We greatly appreciate CDFA taking this step and giving Healthy Soils stakeholders a chance to provide feedback on the more detailed program framework before its inaugural RFP officially goes out. Below, we outline our recommendations for the proposed program framework.
Incentives Projects
Allow on-farm compost to be eligible for compost application
- On-farm compost is more cost-effective than purchased compost.
- On-farm compost is already regulated under federal law and coming under new state regulations.
Clarify how payments and payment timelines will work for different practices, as well as how that will affect the 3rd year matching fund requirement
- Some practices require similar annual costs (e.g. compost application), while others require higher initial costs and subsequently lower maintenance costs (e.g. hedgerows).
Eliminate the requirement for applicants to apply for at least one of the “cropland and rangeland soil management practices”
- All of the eligible incentive practices improve soil health and reduce GHGs.
- Many operations, especially organic agriculture operations, already utilize many of the “cropland and rangeland soil management practices,” and may only be eligible to apply for the herbaceous and woody cover practices. This limitation of the program could keep innovative farmers and ranchers unnecessarily out of the program.
Simplify the application for applicant feasibility
- To the extent possible, convert the proposed narrative questions into checkboxes and bullet points, and clarify the remaining narrative questions to make it clear what CDFA is looking for in responses.
Require soil tests from award recipients, not applicants
- Soil tests require labor, money, and time to complete, which make them unreasonable to require in a short application window; instead, require them to be completed within a certain timeframe after awards are announced.
Reward applicants for conservation plans and matching funds, but not so much that it creates a structural disadvantage to limited-resource and small-scale farmers
- Conservation plans and matching funds will extend the impact of the program, but the reality is that few farmers currently have them. Those that do and/or can acquire them within a short application period will tend to be larger-scale farms with more resources. The reward for conservation plans and matching funds can increase over time.
- Limit extra points for conservation plans to no more than 5 points.
Demonstration Projects
Shift the demonstration program back to its intended goal of expanding the impact and adoption of Healthy Soils practices
- The primary intent of demonstration projects is to demonstrate the efficacy and practical considerations of adopting new practices to fellow farmers and ranchers; scoring criteria should reflect that intent.
- Eliminate the requirement for GHG flux monitoring and focus scoring criteria on outreach and education outcomes, including demonstrating farmer and rancher adoption of healthy soils practices.

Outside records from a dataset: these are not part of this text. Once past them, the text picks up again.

(* In the setting of short geodesics, there exists a constant $c>0$, depending only on the metric $h$, such that whenever $0<s\le c$ we have $$\tfrac12\le h^{ij}(x(t),y(t))\eta_i(t)\eta_j(t)\le\tfrac32 \quad\text{for all } t\in[0,\tau(0,y,\sigma_s)].$$
   Context: Gas giant setting. $M$ is a compact manifold with boundary, $\dim M=n\ge 2$, and $g=\rho^{-1}\bar g$ with $\bar g$ smooth up to the boundary and $\rho$ a boundary defining function. Near $\partial M$ there are coordinates $(x,y)$ in which $g=\mathrm{d}x^2+x^{-2}h(x,y,\mathrm{d}y)$, with $h_x$ a family of metrics on $\partial M$ smooth in $x$ up to $x=0$. Dual coordinates are $(\xi,\eta)$. Geodesic flow. $\phi_t$ is the Hamiltonian flow of $H=\tfrac12\xi^2+\tfrac12x^2h^{ij}\eta_i\eta_j$: - $\dot x=\xi$, - $\dot y^i=x^2h^{ij}\eta_j$, - $\dot\xi=-xh^{ij}\eta_i\eta_j-\tfrac12x^2\partial_xh^{ij}\eta_i\eta_j$, - $\dot\eta_i=-\tfrac12x^2\partial_{y^i}h^{kj}\eta_k\eta_j$. Short geodesics. Fix $y\in\partial M$ and $\eta\in T^*_y\partial M$ with $h^{ij}(0,y)\eta_i\eta_j=1$. For $s>0$ let $\sigma_s=(s,\eta)$ and $\gamma_s(t)=\phi_t(0,y,\sigma_s)=(x(t),y(t),\xi(t),\eta(t))$. Here $\tau(0,y,\sigma_s)$ is the first positive time at which $x$ returns to $0$. *)

theory Defs
  imports "HOL-Analysis.Analysis"
begin

text \<open>Collar coordinates (x,y) near the boundary; y ranges over a coordinate
  space real^'m with CARD('m) = n - 1.  h x y is the matrix of the DUAL
  metric h^{ij}(x,y) of the family h_x.\<close>

definition qf :: "real^'m^'m \<Rightarrow> real^'m \<Rightarrow> real" where
  "qf A v = v \<bullet> (A *v v)"

definition hfun :: "(real \<Rightarrow> real^'m \<Rightarrow> real^'m^'m) \<Rightarrow> (real \<times> (real^'m)) \<Rightarrow> real^'m^'m" where
  "hfun h = (\<lambda>p. h (fst p) (snd p))"

definition dhx :: "(real \<Rightarrow> real^'m \<Rightarrow> real^'m^'m) \<Rightarrow> real \<Rightarrow> real^'m \<Rightarrow> real^'m^'m" where
  "dhx h x y = frechet_derivative (hfun h) (at (x, y)) (1, 0)"

definition dhy :: "(real \<Rightarrow> real^'m \<Rightarrow> real^'m^'m) \<Rightarrow> 'm \<Rightarrow> real \<Rightarrow> real^'m \<Rightarrow> real^'m^'m" where
  "dhy h i x y = frechet_derivative (hfun h) (at (x, y)) (0, axis i 1)"

text \<open>h is C^1, symmetric, and on the collar strip [0,x0] x real^'m it is uniformly
  positive definite with uniformly bounded entries and first derivatives
  (these are the consequences of smoothness up to x = 0 and compactness of the boundary).\<close>
definition admissible_h :: "(real \<Rightarrow> real^'m \<Rightarrow> real^'m^'m) \<Rightarrow> bool" where
  "admissible_h h \<longleftrightarrow>
     (\<forall>p. hfun h differentiable at p) \<and>
     continuous_on UNIV (\<lambda>p. dhx h (fst p) (snd p)) \<and>
     (\<forall>i. continuous_on UNIV (\<lambda>p. dhy h i (fst p) (snd p))) \<and>
     (\<forall>x y. transpose (h x y) = h x y) \<and>
     (\<exists>x0 lam K. x0 > 0 \<and> lam > 0 \<and>
        (\<forall>x y. 0 \<le> x \<and> x \<le> x0 \<longrightarrow>
           (\<forall>v. qf (h x y) v \<ge> lam * norm v ^ 2) \<and>
           (\<forall>i j. \<bar>h x y $ i $ j\<bar> \<le> K \<and> \<bar>dhx h x y $ i $ j\<bar> \<le> K \<and>
                  (\<forall>k. \<bar>dhy h k x y $ i $ j\<bar> \<le> K))))"
definition W2 :: "('m::finite \<Rightarrow> 'n::finite) \<Rightarrow> ('m \<Rightarrow> 'n) \<Rightarrow> real^'n^'n \<Rightarrow> real^'n \<Rightarrow> real^'n
                  \<Rightarrow> real^'n \<Rightarrow> real^'m \<Rightarrow> real^'m \<Rightarrow> real^'n \<Rightarrow> real^'n \<Rightarrow> real" where
  "W2 pe ne B Xd Xdp Efd eta etab V Vb =
     - (1 \<bullet> (Gamma pe ne B V *v vcos eta))
     + (1 \<bullet> (Gamma pe ne B Vb *v vcos etab))
     - (Gamma pe ne B Vb *v vsin etab) \<bullet> (eta - etab)
     - Efd \<bullet> (V - Vb)
     + (1/2) * (V \<bullet> (Fmat B Xd Xdp *v V))
     - (1/2) * (Vb \<bullet> (Fmat B Xd Xdp *v Vb))"

definition strict_local_min :: "('a::metric_space \<Rightarrow> real) \<Rightarrow> 'a \<Rightarrow> bool" where
  "strict_local_min f x0 \<longleftrightarrow> (\<exists>e>0. \<forall>x. x \<noteq> x0 \<and> dist x x0 < e \<longrightarrow> f x0 < f x)"

end

theory Submission
  imports Defs
begin

text \<open>Write \<open>(\<eta>, V) = (\<eta>\<^sub>0 + x, V\<^sub>0 + v)\<close> for the equilibrium \<open>(\<eta>\<^sub>0, V\<^sub>0)\<close>. The equilibrium
  equation \<open>E(\<eta>\<^sub>0) V\<^sub>0 = E\<^sub>f\<^sub>d\<close> cancels all first-order terms, so \<open>W\<^sub>2\<close> is its second-order part
  \<open>q(x, v)\<close> plus a remainder that Taylor's theorem for sin and cos bounds by a constant times
  \<open>\<parallel>(x, v)\<parallel>\<^sup>3\<close>. Completing the square in each line angle \<open>x\<^sub>k\<close> gives
  \<open>2 q(x, v) = v\<^sup>T S v + \<Sum>\<^sub>k \<gamma>\<^sub>k cos \<eta>\<^sub>0\<^sub>k (x\<^sub>k + tan \<eta>\<^sub>0\<^sub>k w\<^sub>k)\<^sup>2\<close> with \<open>w = |D|\<^sup>T diag(V\<^sub>0)\<^sup>-\<^sup>1 v\<close>,
  where \<open>S\<close> is the matrix of condition (*), the Schur complement of the angle block of the Hessian.
  Hence \<open>q\<close> is positive definite, so \<open>q(x, v) \<ge> a \<parallel>(x, v)\<parallel>\<^sup>2\<close> by compactness of the unit sphere, and
  this dominates the cubic remainder near the equilibrium.\<close>

lemma sin_taylor_remainder: "\<bar>sin x - x\<bar> \<le> \<bar>x :: real\<bar> ^ 3 / 6"
  using Maclaurin_sin_bound[of x 3]
  by (simp add: sin_coeff_def numeral_3_eq_3 lessThan_Suc fact_numeral)

lemma cos_taylor_remainder: "\<bar>cos x - (1 - x\<^sup>2 / 2)\<bar> \<le> \<bar>x :: real\<bar> ^ 3 / 6"
proof -
  obtain t where t: "cos x = (\<Sum>m<3. cos_coeff m * x ^ m) + cos (t + 1/2 * real 3 * pi) / fact 3 * x ^ 3"
    using Maclaurin_cos_expansion[of x 3] by blast
  have "(\<Sum>m<3. cos_coeff m * x ^ m) = 1 - x\<^sup>2 / 2"
    by (simp add: cos_coeff_def numeral_3_eq_3 lessThan_Suc fact_numeral power2_eq_square)
  with t have "\<bar>cos x - (1 - x\<^sup>2 / 2)\<bar> = \<bar>cos (t + 1/2 * real 3 * pi)\<bar> / 6 * \<bar>x\<bar> ^ 3"
    by (simp add: abs_mult power_abs fact_numeral)
  also have "\<dots> \<le> \<bar>x\<bar> ^ 3 / 6"
    by (simp add: mult_left_le_one_le)
  finally show ?thesis .
qed

text \<open>The share of line \<open>k\<close> in \<open>W\<^sub>2(\<eta>\<^sub>0 + x, V\<^sub>0 + v)\<close>, with \<open>t = \<eta>\<^sub>0\<^sub>k\<close>, \<open>Vi, Vj\<close> the
  equilibrium voltages at its ends and \<open>p, q\<close> their increments; the last summand is the line's share of
  \<open>- E\<^sub>f\<^sub>d\<^sup>T v\<close> (see \<open>W2_expand\<close>).\<close>

definition edge_energy :: "real \<Rightarrow> real \<Rightarrow> real \<Rightarrow> real \<Rightarrow> real \<Rightarrow> real \<Rightarrow> real" where
  "edge_energy t Vi Vj x p q =
     Vi * Vj * cos t - (Vi + p) * (Vj + q) * cos (t + x) - Vi * Vj * sin t * x + cos t * (Vj * p + Vi * q)"

definition edge_quadratic :: "real \<Rightarrow> real \<Rightarrow> real \<Rightarrow> real \<Rightarrow> real \<Rightarrow> real \<Rightarrow> real" where
  "edge_quadratic t Vi Vj x p q = cos t * (Vi * Vj * x\<^sup>2 / 2 - p * q) + sin t * x * (Vj * p + Vi * q)"

lemma edge_energy_minus_quadratic:
  "edge_energy t Vi Vj x p q - edge_quadratic t Vi Vj x p q =
     (Vj * p + Vi * q + p * q) * cos t * x\<^sup>2 / 2 + p * q * sin t * x
     + (Vi + p) * (Vj + q) * (cos t * ((1 - cos x) - x\<^sup>2 / 2) + sin t * (sin x - x))"
  by (simp add: edge_energy_def edge_quadratic_def cos_add algebra_simps power2_eq_square)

- The quantification methodology from Air Resources Board (ARB) is sufficient to meet the requirements of Greenhouse Gas Reduction Fund dollars; limited program funds should not be used for unnecessary, expensive monitoring.
- Without this change, we run the risk of developing a program that results in neither the publication of peer-reviewed science (because the program is not set up to accomplish this) nor the achievement of its full potential in encouraging farmers to adopt new practices.